Stored items

——

(* Let $\mathcal{C}$ be a periodic cylinder of $\Phi$ of even period $2n$, with itinerary $i_0,\dots,i_{2n-1}$ (indices taken mod $2n$, so $i_{2n}=i_0$) and angle of departure $\hat\theta_0$. If $\mathcal{C}$ is $\lambda^-$-stable or $\lambda^+$-stable, then $$\hat\theta_0=\frac{1}{2n}\sum_{k=0}^{2n-1}(-1)^{k+1}k\,\beta_{i_k,i_{k+1}}.$$
   Context: Let $P$ be a simply connected polygon in $\mathbb{R}^2$ with $d$ sides, labeled $1,\dots,d$, with $\partial P$ oriented anticlockwise. The billiard map $\Phi$ acts on unit vectors $(x,v)$ with $x\in\partial P$ and $v$ pointing into $P$: $\Phi(x,v)=(\bar x,\bar v)$, where $\bar x$ is the first point at which the ray from $x$ in direction $v$ meets $\partial P$ and $\bar v$ is the inward vector obtained by reflecting $v$ in the side containing $\bar x$. Vectors based at vertices, and vectors whose image would be based at a vertex, are excluded; the remaining domain is $M'$. Points of $M'$ have coordinates $(s,\theta)$, $s$ the arc-length parameter of $x$ on $\partial P$, $\theta\in(-\pi/2,\pi/2)$ the oriented angle between $v$ and the inward normal at $x$. $\Sigma_{i,j}$ is the set of $(s,\theta)\in M'$ with $x$ on side $i$ and $\bar x$ on side $j$. $\beta_{i,j}$ denotes $\pi$ minus the angle formed by the oriented sides $i$ and $j$; for $(s,\theta)\in\Sigma_{i,j}$ the angle coordinate of $\Phi(s,\theta)$ is $\beta_{i,j}-\theta$. For $\lambda>0$ let $R_\lambda(s,\theta)=(s,\lambda\theta)$ and $\Phi_\lambda:=R_\lambda\circ\Phi$ (pinball billiard map for $\lambda\neq1$). The itinerary of an orbit $(s_k,\theta_k)$ is the sequence $(i_k)$ with $(s_k,\theta_k)\in\Sigma_{i_k,i_{k+1}}$. Every periodic orbit of $\Phi$ lies in a periodic cylinder: a maximal one-parameter family of parallel periodic orbits of $\Phi$ with the same itinerary. For a cylinder of period $2n$ with itinerary $i_0,\dots,i_{2n-1}$, the angles of its orbits at the successive collisions are constants $\hat\theta_0,\dots,\hat\theta_{2n-1}$; $\hat\theta_0$ (the angle at side $i_0$) is the angle of departure. A periodic orbit $q$ of $\Phi$ is $\lambda^{+}$-stable (resp. $\lambda^-$-stable) if there exist a strictly decreasing (resp. strictly increasing) sequence $\lambda_n\to1$ and, for each $n$, a periodic orbit $q_n$ of $\Phi_{\lambda_n}$ with the same itinerary as $q$ such that $q_n\to q$. A periodic cylinder is $\lambda^\pm$-stable if it contains a $\lambda^\pm$-stable periodic orbit. *)

theory Defs
  imports "HOL-Analysis.Analysis"
begin

text \<open>A polygon with d sides is given by its vertices p 0, ..., p (d-1) in the
  complex plane (= R^2).  Sides are labelled 0..d-1 (the paper uses 1..d):
  side i is the closed segment from p i to p (nxt d i).\<close>

definition nxt :: "nat \<Rightarrow> nat \<Rightarrow> nat" where
  "nxt d i = Suc i mod d"

definition side_seg :: "(nat \<Rightarrow> complex) \<Rightarrow> nat \<Rightarrow> nat \<Rightarrow> complex set" where
  "side_seg p d i = closed_segment (p i) (p (nxt d i))"

definition boundary_poly :: "(nat \<Rightarrow> complex) \<Rightarrow> nat \<Rightarrow> complex set" where
  "boundary_poly p d = (\<Union>i\<in>{..<d}. side_seg p d i)"

definition simple_polygon :: "(nat \<Rightarrow> complex) \<Rightarrow> nat \<Rightarrow> bool" where
  "simple_polygon p d \<longleftrightarrow> 3 \<le> d \<and> inj_on p {..<d} \<and>
     (\<forall>i<d. \<forall>j<d. i \<noteq> j \<longrightarrow>
        side_seg p d i \<inter> side_seg p d j =
          (if j = nxt d i then {p j} else if i = nxt d j then {p i} else {}))"

text \<open>Anticlockwise orientation of the boundary: positive signed area.\<close>
definition anticlockwise :: "(nat \<Rightarrow> complex) \<Rightarrow> nat \<Rightarrow> bool" where
  "anticlockwise p d \<longleftrightarrow> (\<Sum>i<d. Im (cnj (p i) * p (nxt d i))) > 0"

definition side_len :: "(nat \<Rightarrow> complex) \<Rightarrow> nat \<Rightarrow> nat \<Rightarrow> real" where
  "side_len p d i = cmod (p (nxt d i) - p i)"

definition cum :: "(nat \<Rightarrow> complex) \<Rightarrow> nat \<Rightarrow> nat \<Rightarrow> real" where
  "cum p d i = (\<Sum>j<i. side_len p d j)"

definition perimeter :: "(nat \<Rightarrow> complex) \<Rightarrow> nat \<Rightarrow> real" where
  "perimeter p d = cum p d d"

definition nonvertex :: "(nat \<Rightarrow> complex) \<Rightarrow> nat \<Rightarrow> real \<Rightarrow> bool" where
  "nonvertex p d s \<longleftrightarrow> 0 \<le> s \<and> s < perimeter p d \<and> (\<forall>i<d. s \<noteq> cum p d i)"

definition side_of :: "(nat \<Rightarrow> complex) \<Rightarrow> nat \<Rightarrow> real \<Rightarrow> nat" where
  "side_of p d s = (THE i. i < d \<and> cum p d i < s \<and> s < cum p d (Suc i))"

text \<open>Unit direction of the oriented side i, and the inward unit normal
  (rotation by +90 degrees: the interior lies to the left for an anticlockwise boundary).\<close>
definition udir :: "(nat \<Rightarrow> complex) \<Rightarrow> nat \<Rightarrow> nat \<Rightarrow> complex" where
  "udir p d i = sgn (p (nxt d i) - p i)"

definition inormal :: "(nat \<Rightarrow> complex) \<Rightarrow> nat \<Rightarrow> nat \<Rightarrow> complex" where
  "inormal p d i = \<i> * udir p d i"

definition bpos :: "(nat \<Rightarrow> complex) \<Rightarrow> nat \<Rightarrow> real \<Rightarrow> complex" where
  "bpos p d s = p (side_of p d s) + of_real (s - cum p d (side_of p d s)) * udir p d (side_of p d s)"

text \<open>Unit vector at side i making oriented angle theta with the inward normal
  (theta is the angle by which v must be rotated anticlockwise to reach the normal).\<close>
definition vel :: "(nat \<Rightarrow> complex) \<Rightarrow> nat \<Rightarrow> nat \<Rightarrow> real \<Rightarrow> complex" where
  "vel p d i \<theta> = inormal p d i * cis (- \<theta>)"

text \<open>The image is based at the first point where the ray meets the boundary, and the new
  velocity is the reflection of v in the side hit (reflection in a line with unit direction u
  is w \<mapsto> u^2 * cnj w).\<close>
definition billiard :: "(nat \<Rightarrow> complex) \<Rightarrow> nat \<Rightarrow> real \<times> real \<Rightarrow> real \<times> real \<Rightarrow> bool" where
  "billiard p d a b \<longleftrightarrow>
     (case a of (s, \<theta>) \<Rightarrow> case b of (s', \<theta>') \<Rightarrow>
       nonvertex p d s \<and> \<bar>\<theta>\<bar> < pi/2 \<and> nonvertex p d s' \<and> \<bar>\<theta>'\<bar> < pi/2 \<and>
       (let x = bpos p d s; v = vel p d (side_of p d s) \<theta>; u = udir p d (side_of p d s') in
         (\<exists>t>0. bpos p d s' = x + of_real t * v \<and>
                (\<forall>r. 0 < r \<and> r < t \<longrightarrow> x + of_real r * v \<notin> boundary_poly p d)) \<and>
         vel p d (side_of p d s') \<theta>' = u^2 * cnj v))"

definition pinball :: "(nat \<Rightarrow> complex) \<Rightarrow> nat \<Rightarrow> real \<Rightarrow> real \<times> real \<Rightarrow> real \<times> real \<Rightarrow> bool" where
  "pinball p d lam a b \<longleftrightarrow> (\<exists>\<theta>'. billiard p d a (fst b, \<theta>') \<and> snd b = lam * \<theta>')"

definition is_orbit :: "(nat \<Rightarrow> complex) \<Rightarrow> nat \<Rightarrow> real \<Rightarrow> (nat \<Rightarrow> real \<times> real) \<Rightarrow> bool" where
  "is_orbit p d lam q \<longleftrightarrow> (\<forall>k. pinball p d lam (q k) (q (Suc k)))"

——

Copy range, inclusive: the line holding "p d = cum p" to the line holding "(rotation by +90". Reproduce exactly those lines of the records above and no others.

Solved exercise.
  "perimeter p d = cum p d d"

definition nonvertex :: "(nat \<Rightarrow> complex) \<Rightarrow> nat \<Rightarrow> real \<Rightarrow> bool" where
  "nonvertex p d s \<longleftrightarrow> 0 \<le> s \<and> s < perimeter p d \<and> (\<forall>i<d. s \<noteq> cum p d i)"

definition side_of :: "(nat \<Rightarrow> complex) \<Rightarrow> nat \<Rightarrow> real \<Rightarrow> nat" where
  "side_of p d s = (THE i. i < d \<and> cum p d i < s \<and> s < cum p d (Suc i))"

text \<open>Unit direction of the oriented side i, and the inward unit normal
  (rotation by +90 degrees: the interior lies to the left for an anticlockwise boundary).\<close>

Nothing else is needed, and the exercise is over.